Data Management for the MADIVA project

November 30, 2023


Data Scientist


My role

In January 2022, I was co-opted to the Multimorbidity in Africa: Digital Innovation, Visualization and Application (MADIVA) study as a data scientist in the Data Management and Analysis Core (DMAC) team. The main goal of the project is to develop fundamental machine learning (ML) techniques that can impact on the problem of multimorbidity (MM), in different African settings. Implemented in Kenya and South Africa, the study  is run by a consortium made up of the African Population and Health Research Center (APHRC), University of the Witwatersrand, International Business Machines Corporation (IBM), Sydney Brenner Institute of Molecular Biology (SBIMB) ) and South African Population Research Infrastructure Network (SAPRIN). Within this are smaller technical working groups charged with carrying out different components of the 5-year study. The diversity of the group makes for a fascinating experience with a lot of learning, full of ups and downs.

For this reason, therefore, one requires a specific set of skills to navigate the technical and programmatic aspects of project implementation. Key among these are soft skills which enable one to comprehend the wider picture of a task, an enterprise, or even a purpose. This includes communication through various channels in order to keep each other informed on the status of the various work-packages such as meetings and virtual workshops. Through MADIVA, I have learned how to synthesize technical information for better comprehension of the subject matter by both technical and non-technical persons.

The effective data management process requires close collaboration among the team members. This is no different with MADIVA where I have continued to appreciate the benefits of  teamwork with  other data scientists, physicians, clinicians, and researchers from partner organizations.

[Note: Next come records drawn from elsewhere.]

(* Let $L_1$ be a finite-dimensional non-nilpotent Lie algebra over a field $F$. For every finite-dimensional nilpotent Lie algebra $L$ over $F$, the number of connected components of $\Gamma_{\mathfrak{N}}(L_1\oplus L)$ equals the number of connected components of $\Gamma_{\mathfrak{N}}(L_1)$. In particular, $\Gamma_{\mathfrak{N}}(L_1)$ is connected if and only if $\Gamma_{\mathfrak{N}}(L_1\oplus L)$ is connected for every finite-dimensional nilpotent Lie algebra $L$.
   Context: $\langle a,b\rangle$ denotes the Lie subalgebra generated by $a,b$, and $\mathrm{nil}(L)=\{x\in L\mid \langle h,x\rangle \text{ is nilpotent for all } h\in L\}$. For a finite-dimensional non-nilpotent Lie algebra $L$, the nilpotent graph $\Gamma_{\mathfrak{N}}(L)$ is the simple undirected graph with vertex set $L\setminus\mathrm{nil}(L)$ in which distinct vertices $x,y$ are adjacent iff $\langle x,y\rangle$ is nilpotent. $L_1\oplus L$ is the direct sum of Lie algebras with componentwise bracket. *)

theory Defs
  imports Main "HOL.Vector_Spaces" "HOL-Library.Product_Plus"
begin
lemma bij_betw_map_transpose_permutations_of_set:
  assumes "a \<in> A" "b \<in> A"
  shows "bij_betw (map (Transposition.transpose a b))
           (permutations_of_set (A - {a})) (permutations_of_set (A - {b}))"
proof -
  have "Transposition.transpose a b ` (A - {a}) = A - {b}"
    using assms by (simp add: image_set_diff[OF inj_transpose])
  then show ?thesis
    by (metis permutations_of_set_image_inj inj_on_subset[OF inj_transpose] subset_UNIV
        inj_on_mapI inj_on_imp_bij_betw)
qed

lemma average_Cons_transpose_le:
  assumes "finite A" "transposition_bounded A c f" "a \<in> A" "b \<in> A"
  shows "average (permutations_of_set (A - {b})) (\<lambda>ys. f (b # ys))
           \<le> average (permutations_of_set (A - {a})) (\<lambda>ys. f (a # ys)) + c"
proof -
  let ?s = "Transposition.transpose a b"
  have "average (permutations_of_set (A - {b})) (\<lambda>ys. f (b # ys))
          = average (permutations_of_set (A - {a})) (\<lambda>ys. f (map ?s (a # ys)))"
    by (simp add: average_reindex_bij_betw[OF bij_betw_map_transpose_permutations_of_set[OF assms(3,4)],
          symmetric])
  also have "\<dots> \<le> average (permutations_of_set (A - {a})) (\<lambda>ys. f (a # ys) + c)"
  proof (rule average_mono)
    fix ys assume "ys \<in> permutations_of_set (A - {a})"
    then have "a # ys \<in> permutations_of_set A"
      using assms(3) by (auto simp: permutations_of_set_def)
    then show "f (map ?s (a # ys)) \<le> f (a # ys) + c"
      using assms(2-4) unfolding transposition_bounded_def by fastforce
  qed
  also have "\<dots> = average (permutations_of_set (A - {a})) (\<lambda>ys. f (a # ys)) + c"
    using assms(1) by (simp add: average_add_const)
  finally show ?thesis .
qed

lemma average_exp_permutations_of_set_le:
  fixes c l :: real
  assumes "finite A" "transposition_bounded A c f" "l \<ge> 0"
  shows "average (permutations_of_set A) (\<lambda>xs. exp (l * (f xs - average (permutations_of_set A) f)))
           \<le> exp (card A * l\<^sup>2 * c\<^sup>2 / 8)"
  using assms(1,2)
proof (induction "card A" arbitrary: A f)
  case 0
  then show ?case by (simp add: average_def)
next
  case (Suc m A f)
  then have "A \<noteq> {}" by auto
  define g where "g a = average (permutations_of_set (A - {a})) (\<lambda>ys. f (a # ys))" for a
  define \<mu> where "\<mu> = average (permutations_of_set A) f"
  define E where "E = exp (m * l\<^sup>2 * c\<^sup>2 / 8)"
  have \<mu>: "\<mu> = average A g"
    unfolding \<mu>_def g_def by (rule average_permutations_of_set_Cons[OF Suc.prems(1) \<open>A \<noteq> {}\<close>])
  have IH: "average (permutations_of_set (A - {a})) (\<lambda>ys. exp (l * (f (a # ys) - g a))) \<le> E"
    if "a \<in> A" for a
  proof -
    have "m = card (A - {a})"
      using Suc.hyps(2) Suc.prems(1) that by simp
    from Suc.hyps(1)[OF this _ transposition_bounded_Cons[OF Suc.prems(2) that]] Suc.prems(1)
    show ?thesis by (simp add: g_def E_def \<open>m = card (A - {a})\<close>)
  qed
  have range: "g a \<in> {Min (g ` A) .. Min (g ` A) + c}" if "a \<in> A" for a
  proof -
    have "Min (g ` A) \<in> g ` A"
      using Suc.prems(1) \<open>A \<noteq> {}\<close> by (intro Min_in) auto
    then obtain b where "b \<in> A" "Min (g ` A) = g b" by auto
    moreover have "g a \<le> g b + c"
      unfolding g_def by (rule average_Cons_transpose_le[OF Suc.prems \<open>b \<in> A\<close> that])
    moreover have "Min (g ` A) \<le> g a"
      using Suc.prems(1) that by simp
    ultimately show ?thesis by simp
  qed
  have "average (permutations_of_set A) (\<lambda>xs. exp (l * (f xs - \<mu>)))
          = average A (\<lambda>a. exp (l * (g a - \<mu>))
              * average (permutations_of_set (A - {a})) (\<lambda>ys. exp (l * (f (a # ys) - g a))))"
    by (simp add: average_permutations_of_set_Cons[OF Suc.prems(1) \<open>A \<noteq> {}\<close>]
        average_cmult[symmetric] mult_exp_exp algebra_simps)
  also have "\<dots> \<le> average A (\<lambda>a. E * exp (l * (g a - \<mu>)))"
    by (intro average_mono) (simp add: IH mult.commute)
  also have "\<dots> \<le> E * exp (l\<^sup>2 * c\<^sup>2 / 8)"
    using Hoeffdings_lemma_average[OF Suc.prems(1) \<open>A \<noteq> {}\<close> \<open>l \<ge> 0\<close> range]
    by (simp add: average_cmult \<mu> E_def)
  also have "\<dots> = exp (card A * l\<^sup>2 * c\<^sup>2 / 8)"
    by (simp add: E_def mult_exp_exp Suc.hyps(2)[symmetric] algebra_simps add_divide_distrib)
  finally show ?case by (simp add: \<mu>_def)
qed

lemma card_greater_le_average_exp:
  fixes h :: "'a \<Rightarrow> real"
  assumes "finite S" "l \<ge> 0"
  shows "card {x\<in>S. t < h x} / card S \<le> exp (- (l * t)) * average S (\<lambda>x. exp (l * h x))"
proof -
  have "card {x\<in>S. t < h x} * exp (l * t) = (\<Sum>x\<in>{x\<in>S. t < h x}. exp (l * t))"
    by simp
  also have "\<dots> \<le> (\<Sum>x\<in>{x\<in>S. t < h x}. exp (l * h x))"
    using assms(2) by (intro sum_mono) (auto intro: mult_left_mono)
  also have "\<dots> \<le> (\<Sum>x\<in>S. exp (l * h x))"
    using assms(1) by (intro sum_mono2) auto
  finally have "card {x\<in>S. t < h x} \<le> (\<Sum>x\<in>S. exp (l * h x)) / exp (l * t)"
    by (simp add: pos_le_divide_eq)
  then have "card {x\<in>S. t < h x} \<le> exp (- (l * t)) * (\<Sum>x\<in>S. exp (l * h x))"
    by (simp add: exp_minus divide_inverse_commute)
  then show ?thesis
    unfolding average_def by (simp add: divide_right_mono)
qed

lemma permutations_of_set_upper_tail:
  fixes c t :: real
  assumes "finite A" "A \<noteq> {}" "transposition_bounded A c f" "c > 0" "t \<ge> 0"
  shows "card {xs\<in>permutations_of_set A. t < f xs - average (permutations_of_set A) f}
           / card (permutations_of_set A) \<le> exp (- 2 * t\<^sup>2 / (card A * c\<^sup>2))"
proof -
  define m where "m = real (card A)"
  have "m > 0" using assms(1,2) by (simp add: m_def card_gt_0_iff)
  define l where "l = 4 * t / (m * c\<^sup>2)" \<comment> \<open>minimises the Chernoff exponent\<close>
  have "l \<ge> 0" using \<open>m > 0\<close> assms(5) by (simp add: l_def)
  let ?P = "permutations_of_set A"
  have "card {xs\<in>?P. t < f xs - average ?P f} / card ?P
          \<le> exp (- (l * t)) * average ?P (\<lambda>xs. exp (l * (f xs - average ?P f)))"
    by (rule card_greater_le_average_exp[OF finite_permutations_of_set \<open>l \<ge> 0\<close>])
  also have "\<dots> \<le> exp (- (l * t)) * exp (m * l\<^sup>2 * c\<^sup>2 / 8)"
    unfolding m_def
    by (intro mult_left_mono average_exp_permutations_of_set_le assms(1,3) \<open>l \<ge> 0\<close>) simp
  also have "\<dots> = exp (- (l * t) + m * l\<^sup>2 * c\<^sup>2 / 8)"
    by (simp add: mult_exp_exp)
  also have "- (l * t) + m * l\<^sup>2 * c\<^sup>2 / 8 = - 2 * t\<^sup>2 / (m * c\<^sup>2)"
    using \<open>m > 0\<close> assms(4) by (simp add: l_def field_simps power2_eq_square)
  finally show ?thesis by (simp add: m_def)
qed

lemma permutations_of_set_tail:
  fixes c t :: real
  assumes "finite A" "A \<noteq> {}" "transposition_bounded A c f" "c > 0" "t \<ge> 0"
  shows "card {xs\<in>permutations_of_set A. t < \<bar>f xs - average (permutations_of_set A) f\<bar>}
           / card (permutations_of_set A) \<le> 2 * exp (- 2 * t\<^sup>2 / (card A * c\<^sup>2))"
proof -
  let ?P = "permutations_of_set A"
  let ?upper = "{xs\<in>?P. t < f xs - average ?P f}"
  let ?lower = "{xs\<in>?P. t < (- f xs) - average ?P (\<lambda>xs. - f xs)}"
  have "transposition_bounded A c (\<lambda>xs. - f xs)"
    using assms(3) by (simp add: transposition_bounded_def abs_minus_commute)
  note lower = permutations_of_set_upper_tail[OF assms(1,2) this assms(4,5)]
  have "average ?P (\<lambda>xs. - f xs) = - average ?P f"
    using average_cmult[of ?P "-1" f] by simp
  then have "{xs\<in>?P. t < \<bar>f xs - average ?P f\<bar>} \<subseteq> ?upper \<union> ?lower"
    by auto
  then have "card {xs\<in>?P. t < \<bar>f xs - average ?P f\<bar>} \<le> card (?upper \<union> ?lower)"
    by (intro card_mono) auto
  also have "\<dots> \<le> card ?upper + card ?lower"
    by (rule card_Un_le)
  finally have "card {xs\<in>?P. t < \<bar>f xs - average ?P f\<bar>} \<le> card ?upper + card ?lower" .
  then have "card {xs\<in>?P. t < \<bar>f xs - average ?P f\<bar>} / card ?P
               \<le> card ?upper / card ?P + card ?lower / card ?P"
    unfolding add_divide_distrib[symmetric] by (intro divide_right_mono) simp_all
  with permutations_of_set_upper_tail[OF assms] lower show ?thesis by linarith
qed

lemma bij_betw_map_permutes:
  assumes xs: "xs \<in> permutations_of_set A"
  shows "bij_betw (\<lambda>p. map p xs) {p. p permutes A} (permutations_of_set A)"
proof -
  have A: "set xs = A" "distinct xs" "finite A"
    using xs by (auto simp: permutations_of_set_def)
  have inj: "inj_on (\<lambda>p. map p xs) {p. p permutes A}"
  proof (rule inj_onI)
    fix p q assume "p \<in> {p. p permutes A}" "q \<in> {p. p permutes A}" "map p xs = map q xs"
    then show "p = q"
      using A(1) by (intro ext) (metis map_eq_conv mem_Collect_eq permutes_not_in)
  qed
  have into: "(\<lambda>p. map p xs) ` {p. p permutes A} \<subseteq> permutations_of_set A"
    using A by (auto simp: permutations_of_set_def permutes_image distinct_map permutes_inj_on)
  have "card ((\<lambda>p. map p xs) ` {p. p permutes A}) = card (permutations_of_set A)"
    using A(3) by (simp add: card_image[OF inj] card_permutations)
  with into have "(\<lambda>p. map p xs) ` {p. p permutes A} = permutations_of_set A"
    by (intro card_subset_eq) simp_all
  with inj show ?thesis by (simp add: bij_betw_def)
qed

lemma card_Collect_bij_betw:
  assumes "bij_betw h S T"
  shows "card {x\<in>S. P (h x)} = card {y\<in>T. P y}"
proof -
  have "{y\<in>T. P y} = h ` {x\<in>S. P (h x)}"
    using assms by (auto simp: bij_betw_def)
  moreover have "inj_on h {x\<in>S. P (h x)}"
    using assms by (auto simp: bij_betw_def intro: inj_on_subset)
  ultimately show ?thesis by (simp add: card_image)
qed

theorem permutes_deviation_le:
  fixes F :: "('a \<Rightarrow> 'a) \<Rightarrow> real" and c t :: real
  assumes "finite A" "A \<noteq> {}" "c > 0" "t \<ge> 0"
    and bounded: "\<And>p a b. p permutes A \<Longrightarrow> a \<in> A \<Longrightarrow> b \<in> A \<Longrightarrow>
                    \<bar>F (Transposition.transpose a b \<circ> p) - F p\<bar> \<le> c"
  shows "card {p. p permutes A \<and> t < \<bar>F p - average {p. p permutes A} F\<bar>}
           / card {p. p permutes A} \<le> 2 * exp (- 2 * t\<^sup>2 / (card A * c\<^sup>2))"
proof -
  obtain xs where xs: "xs \<in> permutations_of_set A"
    using assms(1) finite_distinct_list by (auto simp: permutations_of_set_def)
  let ?S = "{p. p permutes A}" and ?P = "permutations_of_set A"
  let ?enum = "\<lambda>p. map p xs"
  define f where "f = F \<circ> inv_into ?S ?enum"
  have bij: "bij_betw ?enum ?S ?P" by (rule bij_betw_map_permutes[OF xs])
  have f_enum: "f (?enum p) = F p" if "p permutes A" for p
    using bij_betw_inv_into_left[OF bij] that by (simp add: f_def)
  have "transposition_bounded A c f"
    unfolding transposition_bounded_def
  proof (intro ballI)
    fix ys a b assume "ys \<in> ?P" "a \<in> A" "b \<in> A"
    then obtain p where p: "p permutes A" "ys = ?enum p"
      using bij by (auto simp: bij_betw_def)
    have "Transposition.transpose a b \<circ> p permutes A"
      using p(1) \<open>a \<in> A\<close> \<open>b \<in> A\<close> by (simp add: permutes_compose permutes_swap_id)
    then have "f (map (Transposition.transpose a b) ys) = F (Transposition.transpose a b \<circ> p)"
      using f_enum p(2) by (metis map_map)
    then show "\<bar>f (map (Transposition.transpose a b) ys) - f ys\<bar> \<le> c"
      using bounded[OF p(1) \<open>a \<in> A\<close> \<open>b \<in> A\<close>] p f_enum by simp
  qed
  moreover have "average ?S F = average ?P f"
    using average_reindex_bij_betw[OF bij, of f] average_cong[of ?S F "\<lambda>p. f (?enum p)"]
    by (simp add: f_enum)
  moreover have "{p\<in>?S. t < \<bar>F p - average ?P f\<bar>} = {p\<in>?S. t < \<bar>f (?enum p) - average ?P f\<bar>}"
    by (auto simp: f_enum)
  then have "card {p\<in>?S. t < \<bar>F p - average ?P f\<bar>} = card {ys\<in>?P. t < \<bar>f ys - average ?P f\<bar>}"
    using card_Collect_bij_betw[OF bij, of "\<lambda>ys. t < \<bar>f ys - average ?P f\<bar>"] by simp
  moreover have "card ?S = card ?P" by (rule bij_betw_same_card[OF bij])
  ultimately show ?thesis
    using permutations_of_set_tail[OF assms(1,2) _ assms(3,4)] by simp
qed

The study has also been an opportunity to hone existing skills and learn new ones from colleagues such as object-oriented programming (OOP) through platforms such as Postgres and working on a cloud platform known as the Wits cluster provided by the University of the Witwatersrand. This was made possible through the numerous in-person and virtual networking events. Additionally, the meetings have aided in fostering a sense of belonging among team members, fostering a culture of trust, and mutual support.

These experiences brought to the forefront the significance of each and every stage in the data management pipeline—beginning with an individual’s role in data processing and integration, data quality assurance, security and privacy, storage, and retrieval. When these activities are carried out as planned, working with data is much easier, and reduces the back and forth that would emanate from clarification-seeking efforts.

Managing stakeholder expectations, scheduling work to meet deadlines with conflicting priorities, and organizing numerous data custodians to provide a consistent supply of the datasets required for the project were some of the unique challenges that this role provided.

This is only possible if  scientists and data managers work together from the outset; drafting protocols and creating tools to ensure that there is a global perspective in mind and adherence to set standards. This will make data integration easier to do  when necessary. Teams should also use platforms that facilitate interoperability and improve cooperation.


MADIVA is an acronym for “Multimorbidity in Africa: Digital Innovation, Visualization and Application”. The co-existence of two or more chronic health diseases, such as diabetes and hypertension or any other combination you can think of, is known as multimorbidity. The broad aim in MADIVA project is to develop fundamental machine learning (ML) techniques that can impact on the problem of multimorbidity (MM), in different African settings, through working with an interdisciplinary team at different sites in Africa. Understanding MM and how public health interventions affect it; pioneering the use of polygenic risk scores and public precision medicine; understanding how data science (DS) can support sub-county health management teams (SCHMTs); developing tools for visualization and understanding our data; and developing novel ML techniques are the specific goals of the project.